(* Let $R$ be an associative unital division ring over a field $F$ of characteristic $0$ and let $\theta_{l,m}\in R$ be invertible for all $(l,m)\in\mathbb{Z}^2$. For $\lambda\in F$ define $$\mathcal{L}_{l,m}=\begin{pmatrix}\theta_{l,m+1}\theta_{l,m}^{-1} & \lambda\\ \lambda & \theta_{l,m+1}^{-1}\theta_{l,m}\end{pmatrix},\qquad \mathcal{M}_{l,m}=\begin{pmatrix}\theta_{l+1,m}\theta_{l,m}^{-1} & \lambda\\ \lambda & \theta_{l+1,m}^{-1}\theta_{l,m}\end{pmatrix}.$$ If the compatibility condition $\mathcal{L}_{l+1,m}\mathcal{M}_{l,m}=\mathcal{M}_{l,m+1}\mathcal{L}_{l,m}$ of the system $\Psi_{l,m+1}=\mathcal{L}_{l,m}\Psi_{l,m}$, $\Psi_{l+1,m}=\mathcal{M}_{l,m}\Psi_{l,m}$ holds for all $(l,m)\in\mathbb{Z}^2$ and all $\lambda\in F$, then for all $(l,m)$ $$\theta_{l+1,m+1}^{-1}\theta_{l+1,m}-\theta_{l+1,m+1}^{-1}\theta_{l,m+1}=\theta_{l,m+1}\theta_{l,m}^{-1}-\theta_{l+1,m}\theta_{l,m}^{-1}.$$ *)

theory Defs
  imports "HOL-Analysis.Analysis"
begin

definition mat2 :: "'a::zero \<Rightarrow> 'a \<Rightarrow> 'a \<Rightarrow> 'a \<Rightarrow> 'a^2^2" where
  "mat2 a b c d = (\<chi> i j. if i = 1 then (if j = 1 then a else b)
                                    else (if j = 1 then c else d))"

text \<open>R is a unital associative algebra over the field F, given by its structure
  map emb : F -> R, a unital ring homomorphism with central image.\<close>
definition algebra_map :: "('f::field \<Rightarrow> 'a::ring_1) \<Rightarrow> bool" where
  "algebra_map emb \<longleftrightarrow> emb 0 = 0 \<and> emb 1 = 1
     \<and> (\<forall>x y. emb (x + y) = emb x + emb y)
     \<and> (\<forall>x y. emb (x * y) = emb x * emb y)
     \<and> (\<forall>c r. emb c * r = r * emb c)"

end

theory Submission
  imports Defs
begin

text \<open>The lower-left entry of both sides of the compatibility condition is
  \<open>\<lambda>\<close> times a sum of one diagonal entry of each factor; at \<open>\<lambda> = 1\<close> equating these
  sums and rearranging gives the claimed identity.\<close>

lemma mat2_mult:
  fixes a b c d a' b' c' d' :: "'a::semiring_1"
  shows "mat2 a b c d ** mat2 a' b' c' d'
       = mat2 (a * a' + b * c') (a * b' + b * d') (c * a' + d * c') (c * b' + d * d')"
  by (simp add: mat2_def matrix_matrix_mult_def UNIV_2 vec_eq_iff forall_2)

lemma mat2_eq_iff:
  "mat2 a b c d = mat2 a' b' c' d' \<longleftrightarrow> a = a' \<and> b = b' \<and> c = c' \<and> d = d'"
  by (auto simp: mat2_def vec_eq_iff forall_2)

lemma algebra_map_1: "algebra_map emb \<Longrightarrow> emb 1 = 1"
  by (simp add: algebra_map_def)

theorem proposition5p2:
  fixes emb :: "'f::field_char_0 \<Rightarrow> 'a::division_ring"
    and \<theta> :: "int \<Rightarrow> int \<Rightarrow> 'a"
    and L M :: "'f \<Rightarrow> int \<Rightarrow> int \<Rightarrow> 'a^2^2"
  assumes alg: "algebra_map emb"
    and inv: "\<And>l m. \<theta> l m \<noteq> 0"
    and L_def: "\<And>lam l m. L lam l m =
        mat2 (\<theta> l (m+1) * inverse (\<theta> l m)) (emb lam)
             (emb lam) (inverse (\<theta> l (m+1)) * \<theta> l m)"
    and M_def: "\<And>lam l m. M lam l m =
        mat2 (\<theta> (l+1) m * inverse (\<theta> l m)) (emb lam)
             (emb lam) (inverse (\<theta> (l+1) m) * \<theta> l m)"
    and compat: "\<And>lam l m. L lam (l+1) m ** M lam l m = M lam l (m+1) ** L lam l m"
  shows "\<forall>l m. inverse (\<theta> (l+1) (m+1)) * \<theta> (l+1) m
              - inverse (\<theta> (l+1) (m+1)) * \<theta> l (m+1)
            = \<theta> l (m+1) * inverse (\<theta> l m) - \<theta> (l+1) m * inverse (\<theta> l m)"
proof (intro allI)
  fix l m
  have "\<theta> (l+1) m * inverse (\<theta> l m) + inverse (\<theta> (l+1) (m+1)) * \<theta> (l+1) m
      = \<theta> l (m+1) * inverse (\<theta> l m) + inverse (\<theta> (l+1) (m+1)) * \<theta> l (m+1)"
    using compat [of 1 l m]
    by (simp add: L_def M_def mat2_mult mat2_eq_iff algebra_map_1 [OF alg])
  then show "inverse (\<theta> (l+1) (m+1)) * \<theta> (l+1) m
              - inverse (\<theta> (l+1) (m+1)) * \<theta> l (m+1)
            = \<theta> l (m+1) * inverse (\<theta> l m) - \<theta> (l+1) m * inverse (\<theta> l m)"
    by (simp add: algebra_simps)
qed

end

--

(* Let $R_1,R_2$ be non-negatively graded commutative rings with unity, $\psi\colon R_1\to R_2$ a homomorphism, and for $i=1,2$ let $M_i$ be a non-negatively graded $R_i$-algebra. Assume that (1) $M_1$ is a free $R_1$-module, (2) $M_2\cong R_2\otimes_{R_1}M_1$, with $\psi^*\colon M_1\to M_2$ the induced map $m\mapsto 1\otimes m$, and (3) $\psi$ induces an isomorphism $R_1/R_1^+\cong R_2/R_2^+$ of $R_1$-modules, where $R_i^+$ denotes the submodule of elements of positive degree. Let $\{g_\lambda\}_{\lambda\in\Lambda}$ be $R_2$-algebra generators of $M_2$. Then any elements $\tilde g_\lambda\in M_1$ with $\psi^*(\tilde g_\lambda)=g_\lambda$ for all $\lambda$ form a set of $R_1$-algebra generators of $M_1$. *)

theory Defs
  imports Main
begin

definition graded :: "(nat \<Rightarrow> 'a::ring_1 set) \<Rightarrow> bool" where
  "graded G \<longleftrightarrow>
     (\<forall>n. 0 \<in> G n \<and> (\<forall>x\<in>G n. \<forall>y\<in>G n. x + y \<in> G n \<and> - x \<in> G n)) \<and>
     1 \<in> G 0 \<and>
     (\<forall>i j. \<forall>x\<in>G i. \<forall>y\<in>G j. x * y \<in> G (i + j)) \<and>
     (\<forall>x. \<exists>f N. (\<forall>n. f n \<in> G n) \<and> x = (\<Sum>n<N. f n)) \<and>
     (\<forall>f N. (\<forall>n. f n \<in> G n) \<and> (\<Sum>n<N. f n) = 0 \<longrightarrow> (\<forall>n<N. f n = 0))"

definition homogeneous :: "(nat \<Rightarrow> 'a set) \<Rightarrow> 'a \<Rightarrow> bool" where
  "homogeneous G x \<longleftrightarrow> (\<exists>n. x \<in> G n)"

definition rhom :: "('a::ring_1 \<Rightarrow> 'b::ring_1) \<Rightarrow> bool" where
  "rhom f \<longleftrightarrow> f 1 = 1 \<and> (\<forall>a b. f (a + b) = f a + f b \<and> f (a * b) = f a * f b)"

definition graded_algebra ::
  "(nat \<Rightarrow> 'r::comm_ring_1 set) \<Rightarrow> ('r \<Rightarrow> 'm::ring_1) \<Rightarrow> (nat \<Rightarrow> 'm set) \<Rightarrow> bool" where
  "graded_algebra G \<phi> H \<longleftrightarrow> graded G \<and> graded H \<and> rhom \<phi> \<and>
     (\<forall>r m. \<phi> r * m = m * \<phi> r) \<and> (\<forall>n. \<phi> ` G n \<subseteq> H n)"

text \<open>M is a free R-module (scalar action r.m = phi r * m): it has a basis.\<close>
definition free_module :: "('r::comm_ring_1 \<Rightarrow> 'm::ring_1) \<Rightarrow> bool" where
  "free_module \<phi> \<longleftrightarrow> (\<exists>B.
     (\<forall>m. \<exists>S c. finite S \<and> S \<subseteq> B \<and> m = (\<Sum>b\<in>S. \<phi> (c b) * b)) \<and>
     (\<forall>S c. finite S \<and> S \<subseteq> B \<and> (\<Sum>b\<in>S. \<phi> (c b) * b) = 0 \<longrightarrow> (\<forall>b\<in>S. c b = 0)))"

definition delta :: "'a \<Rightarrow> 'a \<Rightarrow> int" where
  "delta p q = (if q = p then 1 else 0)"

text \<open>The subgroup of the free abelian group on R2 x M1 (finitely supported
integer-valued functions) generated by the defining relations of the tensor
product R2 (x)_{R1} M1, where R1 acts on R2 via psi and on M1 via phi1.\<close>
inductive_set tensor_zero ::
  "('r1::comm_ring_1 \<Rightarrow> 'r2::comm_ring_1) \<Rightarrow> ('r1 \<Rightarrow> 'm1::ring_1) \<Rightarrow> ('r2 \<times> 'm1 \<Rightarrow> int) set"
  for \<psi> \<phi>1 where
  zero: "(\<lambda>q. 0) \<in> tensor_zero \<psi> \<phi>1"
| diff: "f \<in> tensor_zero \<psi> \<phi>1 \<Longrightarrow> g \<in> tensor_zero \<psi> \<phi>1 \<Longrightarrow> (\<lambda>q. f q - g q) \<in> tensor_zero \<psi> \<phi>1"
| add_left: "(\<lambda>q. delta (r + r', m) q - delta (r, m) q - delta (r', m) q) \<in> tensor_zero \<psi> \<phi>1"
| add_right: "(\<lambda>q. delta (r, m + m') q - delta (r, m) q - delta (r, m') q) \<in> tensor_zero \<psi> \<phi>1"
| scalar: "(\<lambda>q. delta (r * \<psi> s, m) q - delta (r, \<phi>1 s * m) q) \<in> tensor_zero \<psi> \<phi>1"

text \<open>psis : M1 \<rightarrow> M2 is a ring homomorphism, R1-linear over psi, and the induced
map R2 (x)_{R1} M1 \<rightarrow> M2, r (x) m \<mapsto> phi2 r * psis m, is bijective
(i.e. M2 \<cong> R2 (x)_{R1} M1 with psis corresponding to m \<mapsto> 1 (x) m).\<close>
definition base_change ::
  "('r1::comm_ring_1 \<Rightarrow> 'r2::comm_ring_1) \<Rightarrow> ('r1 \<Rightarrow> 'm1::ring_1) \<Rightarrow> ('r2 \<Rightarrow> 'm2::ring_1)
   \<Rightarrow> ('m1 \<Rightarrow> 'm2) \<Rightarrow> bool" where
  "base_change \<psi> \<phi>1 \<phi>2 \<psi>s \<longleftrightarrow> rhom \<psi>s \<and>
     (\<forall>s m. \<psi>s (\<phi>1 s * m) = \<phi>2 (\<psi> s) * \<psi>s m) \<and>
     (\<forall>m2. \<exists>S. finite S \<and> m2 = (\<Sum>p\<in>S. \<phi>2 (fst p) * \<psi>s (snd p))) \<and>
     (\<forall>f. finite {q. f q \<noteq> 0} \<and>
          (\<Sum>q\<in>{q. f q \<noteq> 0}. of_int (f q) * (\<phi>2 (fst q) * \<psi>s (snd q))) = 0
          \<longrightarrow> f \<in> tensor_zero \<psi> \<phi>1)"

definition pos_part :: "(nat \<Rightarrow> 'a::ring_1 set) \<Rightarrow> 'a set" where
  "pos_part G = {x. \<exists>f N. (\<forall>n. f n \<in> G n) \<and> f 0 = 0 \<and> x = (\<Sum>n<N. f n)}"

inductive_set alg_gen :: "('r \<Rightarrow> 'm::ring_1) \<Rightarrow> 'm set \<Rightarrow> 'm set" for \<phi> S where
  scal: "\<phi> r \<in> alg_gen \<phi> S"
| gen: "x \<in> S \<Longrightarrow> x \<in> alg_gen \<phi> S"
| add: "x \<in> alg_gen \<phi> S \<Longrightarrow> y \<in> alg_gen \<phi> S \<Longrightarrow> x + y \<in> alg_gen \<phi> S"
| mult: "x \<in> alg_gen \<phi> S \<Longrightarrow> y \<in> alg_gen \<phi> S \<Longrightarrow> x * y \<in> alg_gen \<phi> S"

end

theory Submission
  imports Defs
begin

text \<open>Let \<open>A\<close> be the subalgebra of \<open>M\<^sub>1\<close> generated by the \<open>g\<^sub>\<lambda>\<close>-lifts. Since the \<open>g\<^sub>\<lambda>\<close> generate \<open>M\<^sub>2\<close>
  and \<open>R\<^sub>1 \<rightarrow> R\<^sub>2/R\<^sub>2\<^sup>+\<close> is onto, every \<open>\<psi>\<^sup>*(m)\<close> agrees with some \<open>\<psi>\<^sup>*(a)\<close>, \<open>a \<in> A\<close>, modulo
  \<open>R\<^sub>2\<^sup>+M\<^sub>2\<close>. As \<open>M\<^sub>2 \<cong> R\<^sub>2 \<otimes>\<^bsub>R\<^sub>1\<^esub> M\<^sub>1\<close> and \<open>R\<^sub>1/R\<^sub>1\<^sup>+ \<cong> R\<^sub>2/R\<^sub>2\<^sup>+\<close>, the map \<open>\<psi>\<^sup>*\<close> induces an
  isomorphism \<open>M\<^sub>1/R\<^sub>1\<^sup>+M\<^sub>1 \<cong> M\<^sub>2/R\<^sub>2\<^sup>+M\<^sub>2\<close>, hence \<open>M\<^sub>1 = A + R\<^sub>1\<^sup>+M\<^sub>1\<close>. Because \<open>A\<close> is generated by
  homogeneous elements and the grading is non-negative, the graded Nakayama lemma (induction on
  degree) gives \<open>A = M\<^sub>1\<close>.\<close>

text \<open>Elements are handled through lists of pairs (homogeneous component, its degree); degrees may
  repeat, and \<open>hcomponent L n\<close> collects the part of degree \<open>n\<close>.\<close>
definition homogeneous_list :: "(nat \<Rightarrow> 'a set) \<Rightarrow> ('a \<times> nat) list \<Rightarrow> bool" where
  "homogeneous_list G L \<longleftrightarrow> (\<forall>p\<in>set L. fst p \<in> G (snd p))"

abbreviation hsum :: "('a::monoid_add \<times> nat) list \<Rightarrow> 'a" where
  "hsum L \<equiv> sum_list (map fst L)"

==

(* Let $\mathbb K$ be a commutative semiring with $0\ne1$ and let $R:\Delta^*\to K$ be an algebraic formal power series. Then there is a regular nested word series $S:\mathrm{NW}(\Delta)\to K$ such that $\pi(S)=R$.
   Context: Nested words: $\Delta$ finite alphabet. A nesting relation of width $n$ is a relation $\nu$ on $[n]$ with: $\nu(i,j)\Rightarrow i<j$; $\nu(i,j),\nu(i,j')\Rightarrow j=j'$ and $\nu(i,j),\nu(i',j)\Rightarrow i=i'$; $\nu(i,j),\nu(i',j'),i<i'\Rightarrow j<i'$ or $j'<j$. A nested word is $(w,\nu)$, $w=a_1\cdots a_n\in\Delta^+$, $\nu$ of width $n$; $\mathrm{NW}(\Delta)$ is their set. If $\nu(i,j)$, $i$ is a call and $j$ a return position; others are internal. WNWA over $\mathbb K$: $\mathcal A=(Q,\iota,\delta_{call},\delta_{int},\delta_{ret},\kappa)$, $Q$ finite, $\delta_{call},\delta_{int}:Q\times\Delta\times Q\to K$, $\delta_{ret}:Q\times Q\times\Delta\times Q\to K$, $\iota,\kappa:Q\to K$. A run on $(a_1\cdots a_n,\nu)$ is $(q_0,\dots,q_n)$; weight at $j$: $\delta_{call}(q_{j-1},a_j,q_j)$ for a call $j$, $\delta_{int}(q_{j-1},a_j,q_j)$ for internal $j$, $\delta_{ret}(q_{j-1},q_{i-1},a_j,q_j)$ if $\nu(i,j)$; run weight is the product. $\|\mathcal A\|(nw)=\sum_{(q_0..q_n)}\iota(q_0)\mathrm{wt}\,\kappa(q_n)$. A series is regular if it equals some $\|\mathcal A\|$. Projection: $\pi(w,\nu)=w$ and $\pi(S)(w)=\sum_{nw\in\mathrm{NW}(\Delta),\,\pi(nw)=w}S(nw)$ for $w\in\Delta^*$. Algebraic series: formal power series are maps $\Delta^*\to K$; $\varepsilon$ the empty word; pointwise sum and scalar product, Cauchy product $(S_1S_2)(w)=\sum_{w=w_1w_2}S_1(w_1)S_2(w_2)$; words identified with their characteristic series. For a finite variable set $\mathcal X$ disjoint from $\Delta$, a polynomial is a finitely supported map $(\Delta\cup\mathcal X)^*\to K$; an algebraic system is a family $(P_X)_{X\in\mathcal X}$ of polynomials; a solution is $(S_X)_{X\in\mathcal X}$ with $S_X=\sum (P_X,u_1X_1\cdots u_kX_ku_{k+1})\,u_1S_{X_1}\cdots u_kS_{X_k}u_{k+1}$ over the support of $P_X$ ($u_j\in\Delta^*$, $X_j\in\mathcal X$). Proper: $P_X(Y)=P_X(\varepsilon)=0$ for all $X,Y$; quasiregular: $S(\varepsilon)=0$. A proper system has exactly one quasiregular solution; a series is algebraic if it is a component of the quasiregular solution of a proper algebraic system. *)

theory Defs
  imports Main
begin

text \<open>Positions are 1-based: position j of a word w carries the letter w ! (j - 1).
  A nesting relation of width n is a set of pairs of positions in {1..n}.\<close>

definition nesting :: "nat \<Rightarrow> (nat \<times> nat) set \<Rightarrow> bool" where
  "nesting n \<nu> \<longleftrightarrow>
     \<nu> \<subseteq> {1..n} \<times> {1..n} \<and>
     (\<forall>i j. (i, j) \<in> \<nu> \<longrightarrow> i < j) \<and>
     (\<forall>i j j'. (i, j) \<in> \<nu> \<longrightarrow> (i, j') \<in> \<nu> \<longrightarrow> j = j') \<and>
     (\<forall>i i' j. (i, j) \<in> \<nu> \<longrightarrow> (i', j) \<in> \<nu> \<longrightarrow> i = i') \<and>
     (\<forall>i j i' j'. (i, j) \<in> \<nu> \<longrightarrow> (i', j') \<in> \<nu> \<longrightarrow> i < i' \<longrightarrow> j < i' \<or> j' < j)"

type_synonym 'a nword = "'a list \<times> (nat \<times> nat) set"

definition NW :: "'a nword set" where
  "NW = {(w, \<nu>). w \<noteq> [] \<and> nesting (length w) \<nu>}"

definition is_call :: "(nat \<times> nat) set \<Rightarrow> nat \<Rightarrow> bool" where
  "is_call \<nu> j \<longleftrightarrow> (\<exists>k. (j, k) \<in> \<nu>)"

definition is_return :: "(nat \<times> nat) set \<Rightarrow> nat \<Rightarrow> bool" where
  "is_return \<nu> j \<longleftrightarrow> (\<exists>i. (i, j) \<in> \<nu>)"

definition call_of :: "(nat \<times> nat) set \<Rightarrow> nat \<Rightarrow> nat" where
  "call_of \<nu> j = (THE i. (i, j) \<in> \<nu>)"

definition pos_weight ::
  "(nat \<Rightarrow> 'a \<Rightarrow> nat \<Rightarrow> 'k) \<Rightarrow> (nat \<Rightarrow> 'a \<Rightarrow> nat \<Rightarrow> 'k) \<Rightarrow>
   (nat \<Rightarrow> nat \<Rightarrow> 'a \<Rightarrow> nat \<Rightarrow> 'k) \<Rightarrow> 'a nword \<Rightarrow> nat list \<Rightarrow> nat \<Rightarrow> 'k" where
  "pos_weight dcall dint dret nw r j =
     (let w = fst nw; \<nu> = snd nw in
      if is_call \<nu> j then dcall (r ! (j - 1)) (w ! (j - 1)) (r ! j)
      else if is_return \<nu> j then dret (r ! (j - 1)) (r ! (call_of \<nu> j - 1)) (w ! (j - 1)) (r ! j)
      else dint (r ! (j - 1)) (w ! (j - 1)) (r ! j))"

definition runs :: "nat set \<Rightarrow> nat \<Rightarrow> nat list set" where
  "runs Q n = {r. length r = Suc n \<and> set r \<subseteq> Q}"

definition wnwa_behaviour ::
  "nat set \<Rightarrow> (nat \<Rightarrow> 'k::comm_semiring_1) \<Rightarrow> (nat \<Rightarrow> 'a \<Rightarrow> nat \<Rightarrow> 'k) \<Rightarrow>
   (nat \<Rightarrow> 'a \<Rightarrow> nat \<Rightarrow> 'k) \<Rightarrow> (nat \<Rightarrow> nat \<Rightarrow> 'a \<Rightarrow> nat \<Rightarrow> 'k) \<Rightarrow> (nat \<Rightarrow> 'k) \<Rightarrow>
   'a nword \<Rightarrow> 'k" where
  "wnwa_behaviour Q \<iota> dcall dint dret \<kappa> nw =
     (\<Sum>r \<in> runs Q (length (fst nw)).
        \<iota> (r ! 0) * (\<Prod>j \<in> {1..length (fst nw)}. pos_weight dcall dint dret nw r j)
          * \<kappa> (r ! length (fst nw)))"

What you should do
Give back, exactly as written, the stretch from the line with "1 \<in> G 0 \<and>" through the line with "G x \<longleftrightarrow>", and no other lines from the records above.

Result of this task
     1 \<in> G 0 \<and>
     (\<forall>i j. \<forall>x\<in>G i. \<forall>y\<in>G j. x * y \<in> G (i + j)) \<and>
     (\<forall>x. \<exists>f N. (\<forall>n. f n \<in> G n) \<and> x = (\<Sum>n<N. f n)) \<and>
     (\<forall>f N. (\<forall>n. f n \<in> G n) \<and> (\<Sum>n<N. f n) = 0 \<longrightarrow> (\<forall>n<N. f n = 0))"

definition homogeneous :: "(nat \<Rightarrow> 'a set) \<Rightarrow> 'a \<Rightarrow> bool" where
  "homogeneous G x \<longleftrightarrow> (\<exists>n. x \<in> G n)"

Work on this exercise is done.